Components of a Marketing Operations Strategy

If you're wondering how to improve marketing strategy of a company, it all starts with the marketing operations. Learning these elements allows you to evaluate the different areas of your marketing strategy. The Marketing Operations team in any organization should cover the following five tasks:

Marketing Project Planning

Marketing Operations groups rely on project, program, and demand generation managers to develop new marketing strategies and manage complex digital projects to clearly defined success metrics. Any marketing strategy, campaign planning, cross-tactical execution planning, budget setting, and performance review meetings should include the Marketing Operations team. Some companies have separate marketing teams for email, search, social media, events, etc., so marketing operations can ensure each silo is working together.
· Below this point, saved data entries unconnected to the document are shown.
(* For the family of plane curves $y^3+3r(x)y^2-3p(x)y+2q(x)=0$ parametrised by triples $(p,q,r)$ of univariate polynomials, the cuspidal component of the discriminant is the zero set of the resultant of $p(x)+r(x)^2$ and $2q(x)-r(x)^3$ with respect to $x$. Moreover, if $$p(x)=\sum_{i=0}^d\lambda_ix^i,\quad q(x)=x^n+\sum_{i=0}^{n-1}\xi_ix^i,\quad r(x)=\sum_{i=0}^{\lfloor n/3\rfloor}\zeta_ix^i,$$ then the equation of the cuspidal component, considered as a polynomial in the variable $\lambda_0$, is of degree $n$ with coprime coefficients.
   Context: The cuspidal component of the discriminant is the set of parameters $(p,q,r)$ for which the projection $(x,y)\mapsto x$ restricted to the curve has a degenerate critical point, i.e. there is a common zero of $f$, $\partial_yf$, $\partial_y^2f$ where $f=y^3+3r(x)y^2-3p(x)y+2q(x)$. The coefficients of the polynomial in $\lambda_0$ are polynomials in the remaining parameters $\lambda_i\ (i\ge1),\xi_i,\zeta_i$. *)

theory Defs
  imports Complex_Main "HOL-Library.Poly_Mapping" "HOL-Computational_Algebra.Polynomial"
    "Subresultants.Resultant_Prelim"
begin

text \<open>Cuspidal locus: the curve y^3 + 3 r(x) y^2 - 3 p(x) y + 2 q(x) = 0 has a point where
  f, its first and its second partial derivative in y vanish simultaneously.\<close>
definition cuspidal :: "complex poly \<Rightarrow> complex poly \<Rightarrow> complex poly \<Rightarrow> bool" where
  "cuspidal p q r \<longleftrightarrow> (\<exists>x y :: complex.
      y^3 + 3 * poly r x * y^2 - 3 * poly p x * y + 2 * poly q x = 0 \<and>
      3 * y^2 + 6 * poly r x * y - 3 * poly p x = 0 \<and>
      6 * y + 6 * poly r x = 0)"

text \<open>Parameters: Lam i is lambda_i (used for i \<ge> 1; lambda_0 is the distinguished
  polynomial variable), Xi i is xi_i, Zeta i is zeta_i.\<close>
datatype param = Lam nat | Xi nat | Zeta nat

text \<open>Multivariate polynomials over C in the parameters other than lambda_0.\<close>
type_synonym mpoly = "(param \<Rightarrow>\<^sub>0 nat) \<Rightarrow>\<^sub>0 complex"

definition pvar :: "param \<Rightarrow> mpoly" where
  "pvar v = Poly_Mapping.single (Poly_Mapping.single v 1) 1"

text \<open>Generic polynomials in x (outer poly) whose coefficients are polynomials in lambda_0
  (inner poly) with coefficients in the remaining parameters.\<close>
definition gen_p :: "nat \<Rightarrow> mpoly poly poly" where
  "gen_p d = [:[:0, 1:]:] + (\<Sum>i\<in>{1..d}. monom [:pvar (Lam i):] i)"

definition gen_q :: "nat \<Rightarrow> mpoly poly poly" where
  "gen_q n = monom 1 n + (\<Sum>i<n. monom [:pvar (Xi i):] i)"

definition gen_r :: "nat \<Rightarrow> mpoly poly poly" where
  "gen_r n = (\<Sum>i\<le>n div 3. monom [:pvar (Zeta i):] i)"

definition cusp_equation :: "nat \<Rightarrow> nat \<Rightarrow> mpoly poly" where
  "cusp_equation d n = resultant (gen_p d + (gen_r n)^2) (2 * gen_q n - (gen_r n)^3)"

end

theory Submission
  imports Defs "Subresultants.Subresultant_Gcd"
    "HOL-Computational_Algebra.Fundamental_Theorem_Algebra"
    "HOL-Computational_Algebra.Field_as_Ring"
    "HOL-Library.Countable"
begin

text \<open>
  Eliminating y with f_yy = 0, i.e. y = -r(x), turns f_y = 0 and f = 0 into p + r^2 = 0 and
  2 q - r^3 = 0; over the complex numbers these have a common root iff their resultant vanishes.

  Write p + r^2 = lambda_0 + P(x) and Q = 2 q - r^3. In the Sylvester matrix of Q and
  lambda_0 + P the variable lambda_0 occurs only on the diagonal of deg Q = n rows, so the
  resultant has degree n in lambda_0 with leading coefficient +-L^m, where L = lead_coeff Q is 2,
  or 2 - zeta_k^3 if n = 3 k. A common divisor h of all coefficients divides L^m; a grading argument
  shows that h is then a polynomial in zeta_k alone, so unless h is a unit it vanishes whenever
  zeta_k is a cube root w of 2. But a suitable specialisation with zeta_k = w turns Q into 1
  and hence the resultant into a nonzero power of the leading coefficient of lambda_0 + P.
\<close>

lemma cuspidal_iff_common_root:
  "cuspidal p q r \<longleftrightarrow> (\<exists>x. poly (p + r^2) x = 0 \<and> poly (2 * q - r^3) x = 0)"
proof -
  have "(y^3 + 3 * b * y^2 - 3 * a * y + 2 * c = 0 \<and> 3 * y^2 + 6 * b * y - 3 * a = 0 \<and> 6 * y + 6 * b = 0)
    \<longleftrightarrow> y = - b \<and> a + b^2 = 0 \<and> 2 * c - b^3 = 0" for a b c y :: complex
  proof (cases "y = - b")
    case True
    have e1: "y^3 + 3 * b * y^2 - 3 * a * y + 2 * c = (2 * c - b^3) + 3 * b * (a + b^2)"
      and e2: "3 * y^2 + 6 * b * y - 3 * a = - 3 * (a + b^2)"
      unfolding True by (simp_all add: algebra_simps power2_eq_square power3_eq_cube)
    have "6 * y + 6 * b = 0" using True by simp
    moreover have "3 * y^2 + 6 * b * y - 3 * a = 0 \<longleftrightarrow> a + b^2 = 0"
      by (simp only: e2 mult_eq_0_iff) simp
    moreover have "y^3 + 3 * b * y^2 - 3 * a * y + 2 * c = 0 \<longleftrightarrow> 2 * c - b^3 = 0"
      if "a + b^2 = 0" unfolding e1 that by simp
    ultimately show ?thesis using True by blast
  next
    case False
    then have "y + b \<noteq> 0" by (simp add: eq_neg_iff_add_eq_0)
    then have "6 * y + 6 * b \<noteq> 0" by (metis distrib_left mult_eq_0_iff zero_neq_numeral)
    then show ?thesis using False by blast
  qed
  then show ?thesis unfolding cuspidal_def by auto
qed

lemma common_root_iff_resultant_eq_0:
  fixes F G :: "complex poly"
  shows "(\<exists>x. poly F x = 0 \<and> poly G x = 0) \<longleftrightarrow> resultant F G = 0 \<or> (F = 0 \<and> G = 0)"
proof (cases "F = 0 \<and> G = 0")
  case False
  then have "gcd F G \<noteq> 0" by auto
  have "(\<exists>x. poly F x = 0 \<and> poly G x = 0) \<longleftrightarrow> (\<exists>x. poly (gcd F G) x = 0)"
    by (simp add: poly_eq_0_iff_dvd)
  also have "\<dots> \<longleftrightarrow> degree (gcd F G) \<noteq> 0"
    using alg_closed_imp_poly_has_root \<open>gcd F G \<noteq> 0\<close>
    by (metis degree_eq_zeroE gr0I pCons_0_0 poly_const_conv)
  also have "\<dots> \<longleftrightarrow> resultant F G = 0" by (simp add: resultant_0_gcd)
  finally show ?thesis using False by blast
qed auto

definition monomial_eval :: "('v \<Rightarrow> 'b::comm_semiring_1) \<Rightarrow> ('v \<Rightarrow>\<^sub>0 nat) \<Rightarrow> 'b" where
  "monomial_eval a m = (\<Prod>v \<in> Poly_Mapping.keys m. a v ^ Poly_Mapping.lookup m v)"

definition mpoly_eval ::
  "('a::zero \<Rightarrow> 'b::comm_semiring_1) \<Rightarrow> ('v \<Rightarrow> 'b) \<Rightarrow> (('v \<Rightarrow>\<^sub>0 nat) \<Rightarrow>\<^sub>0 'a) \<Rightarrow> 'b" where
  "mpoly_eval \<phi> a f = (\<Sum>m \<in> Poly_Mapping.keys f. \<phi> (Poly_Mapping.lookup f m) * monomial_eval a m)"

definition mpoly_const :: "'a::zero \<Rightarrow> ('v \<Rightarrow>\<^sub>0 nat) \<Rightarrow>\<^sub>0 'a" where
  "mpoly_const c = Poly_Mapping.single 0 c"

definition mpoly_var :: "'v \<Rightarrow> ('v \<Rightarrow>\<^sub>0 nat) \<Rightarrow>\<^sub>0 'a::{zero,one}" where
  "mpoly_var v = Poly_Mapping.single (Poly_Mapping.single v 1) 1"

lemma pvar_eq_mpoly_var: "pvar = mpoly_var"
  by (simp add: fun_eq_iff pvar_def mpoly_var_def)

lemma sum_single_lookup: "(\<Sum>m \<in> Poly_Mapping.keys f. Poly_Mapping.single m (Poly_Mapping.lookup f m)) = f"
  by (rule poly_mapping_eqI) (simp add: lookup_sum lookup_single when_def in_keys_iff)

lemma monomial_eval_superset:
  assumes "finite S" "Poly_Mapping.keys m \<subseteq> S"
  shows "monomial_eval a m = (\<Prod>v \<in> S. a v ^ Poly_Mapping.lookup m v)"
  unfolding monomial_eval_def
  by (rule prod.mono_neutral_left) (use assms in \<open>auto simp: in_keys_iff\<close>)

lemma monomial_eval_0 [simp]: "monomial_eval a 0 = 1"
  by (simp add: monomial_eval_def)

lemma monomial_eval_single [simp]: "monomial_eval a (Poly_Mapping.single v k) = a v ^ k"
  by (cases "k = 0") (simp_all add: monomial_eval_def)

lemma monomial_eval_add: "monomial_eval a (m + m') = monomial_eval a m * monomial_eval a m'"
proof -
  let ?S = "Poly_Mapping.keys m \<union> Poly_Mapping.keys m'"
  have "monomial_eval a (m + m') = (\<Prod>v \<in> ?S. a v ^ Poly_Mapping.lookup (m + m') v)"
    by (rule monomial_eval_superset) (use keys_add[of m m'] in auto)
  also have "\<dots> = (\<Prod>v \<in> ?S. a v ^ Poly_Mapping.lookup m v) * (\<Prod>v \<in> ?S. a v ^ Poly_Mapping.lookup m' v)"
    by (simp add: lookup_add power_add prod.distrib)
  also have "\<dots> = monomial_eval a m * monomial_eval a m'"
    by (subst (1 2) monomial_eval_superset[of ?S]) auto
  finally show ?thesis .
qed

lemma mpoly_eval_0 [simp]: "mpoly_eval \<phi> a 0 = 0"
  by (simp add: mpoly_eval_def)

context
  fixes \<phi> :: "'a::comm_ring_1 \<Rightarrow> 'b::comm_ring_1"
  assumes hom: "comm_ring_hom \<phi>"
begin

interpretation \<phi>: comm_ring_hom \<phi> by (rule hom)

lemma mpoly_eval_superset:
  assumes "finite S" "Poly_Mapping.keys f \<subseteq> S"
  shows "mpoly_eval \<phi> a f = (\<Sum>m \<in> S. \<phi> (Poly_Mapping.lookup f m) * monomial_eval a m)"
  unfolding mpoly_eval_def
  by (rule sum.mono_neutral_left) (use assms in \<open>auto simp: in_keys_iff\<close>)

lemma mpoly_eval_add: "mpoly_eval \<phi> a (f + g) = mpoly_eval \<phi> a f + mpoly_eval \<phi> a g"
proof -
  let ?S = "Poly_Mapping.keys f \<union> Poly_Mapping.keys g"
  have "mpoly_eval \<phi> a (f + g) = (\<Sum>m \<in> ?S. \<phi> (Poly_Mapping.lookup (f + g) m) * monomial_eval a m)"
    by (rule mpoly_eval_superset) (use keys_add[of f g] in auto)
  also have "\<dots> = (\<Sum>m \<in> ?S. \<phi> (Poly_Mapping.lookup f m) * monomial_eval a m)
      + (\<Sum>m \<in> ?S. \<phi> (Poly_Mapping.lookup g m) * monomial_eval a m)"
    by (simp add: lookup_add \<phi>.hom_add distrib_right sum.distrib)
  also have "\<dots> = mpoly_eval \<phi> a f + mpoly_eval \<phi> a g"
    by (subst (1 2) mpoly_eval_superset[of ?S]) auto
  finally show ?thesis .
qed

lemma mpoly_eval_sum: "mpoly_eval \<phi> a (sum F S) = (\<Sum>s \<in> S. mpoly_eval \<phi> a (F s))"
  by (induct S rule: infinite_finite_induct) (simp_all add: mpoly_eval_add)

lemma mpoly_eval_single [simp]:
  "mpoly_eval \<phi> a (Poly_Mapping.single m c) = \<phi> c * monomial_eval a m"
  by (cases "c = 0") (simp_all add: mpoly_eval_def)

lemma mpoly_eval_mult: "mpoly_eval \<phi> a (f * g) = mpoly_eval \<phi> a f * mpoly_eval \<phi> a g"
proof -
  have "f * g = (\<Sum>m \<in> Poly_Mapping.keys f. \<Sum>m' \<in> Poly_Mapping.keys g.
      Poly_Mapping.single (m + m') (Poly_Mapping.lookup f m * Poly_Mapping.lookup g m'))"
    by (subst (1 2) sum_single_lookup[symmetric]) (simp add: sum_product mult_single)
  then have "mpoly_eval \<phi> a (f * g) = (\<Sum>m \<in> Poly_Mapping.keys f. \<Sum>m' \<in> Poly_Mapping.keys g.
      \<phi> (Poly_Mapping.lookup f m) * monomial_eval a m * (\<phi> (Poly_Mapping.lookup g m') * monomial_eval a m'))"
    by (simp add: mpoly_eval_sum monomial_eval_add \<phi>.hom_mult mult_ac)
  then show ?thesis by (simp add: mpoly_eval_def sum_product)
qed

lemma comm_ring_hom_mpoly_eval: "comm_ring_hom (mpoly_eval \<phi> a)"
proof
  have "(1 :: ('v \<Rightarrow>\<^sub>0 nat) \<Rightarrow>\<^sub>0 'a) = Poly_Mapping.single 0 1" by simp
  then show "mpoly_eval \<phi> a 1 = 1" by (metis mpoly_eval_single monomial_eval_0 \<phi>.hom_one mult_1)
qed (simp_all add: mpoly_eval_add mpoly_eval_mult)

lemma mpoly_eval_const [simp]: "mpoly_eval \<phi> a (mpoly_const c) = \<phi> c"
  by (simp add: mpoly_const_def)

lemma mpoly_eval_var [simp]: "mpoly_eval \<phi> a (mpoly_var v) = a v"
  by (simp add: mpoly_var_def)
discussing marketing operations strategy

End-to-End Creative Process Management

Marketing Operations is responsible for governing the various marketing processes. It's one thing to come up with new marketing improvement ideas, but it's another to create a system for everyone to follow. With the right processes and accountability in place, each marketing team can execute its programs more effectively and efficiently.

Marketing Technology Infrastructure

Marketing Operations is expected to manage the multiple marketing automation platforms, such as the website, eCommerce solution, review and approval software, marketing operations management, plus integration with related technologies. They'll also oversee the technology for AdWords, product analytics, A/B testing, social media, and ABM marketing to ensure alignment across the business. And then there's always going to be new marketing technology. So the marketing ops team will always be involved in the evaluation and selection of new software to streamline processes and improve performance across departments.

Marketing Data and Analytics

The Marketing Operations team is responsible for developing the marketing data strategy so that marketing as a whole has the necessary insights to build high-performing campaigns. A key component of Marketing Operations involves checking the analytics, reporting, and team dashboards to measure the effectiveness of each channel and the overall performance of the marketing program. Depending on the size of the business, it may be their responsibility to action the data or inform other members of the marketing teams.

Brand Compliance and Risk

Last but not least, it's vital for Marketing Operations to manage the review and approval process of marketing materials to ensure compliance, especially in highly regulated industries like healthcare and financial services. For instance, Advocate Health Care was fined $5.5m for a violation of HIPAA regulations – all because an employee left an unencrypted laptop in their unlocked car, exposing the data of over 4 million patients.

Regulatory laws protect consumers from being misled or lied to by businesses. Plus, they safeguard consumer privacy rights, monitoring how companies collect, store, and use consumer data. For example, the new EU GDPR had 200,000 cases reported in its first year resulting in fines of €56m, most of which came from French data watchdog CNIL's €50m fine for Google.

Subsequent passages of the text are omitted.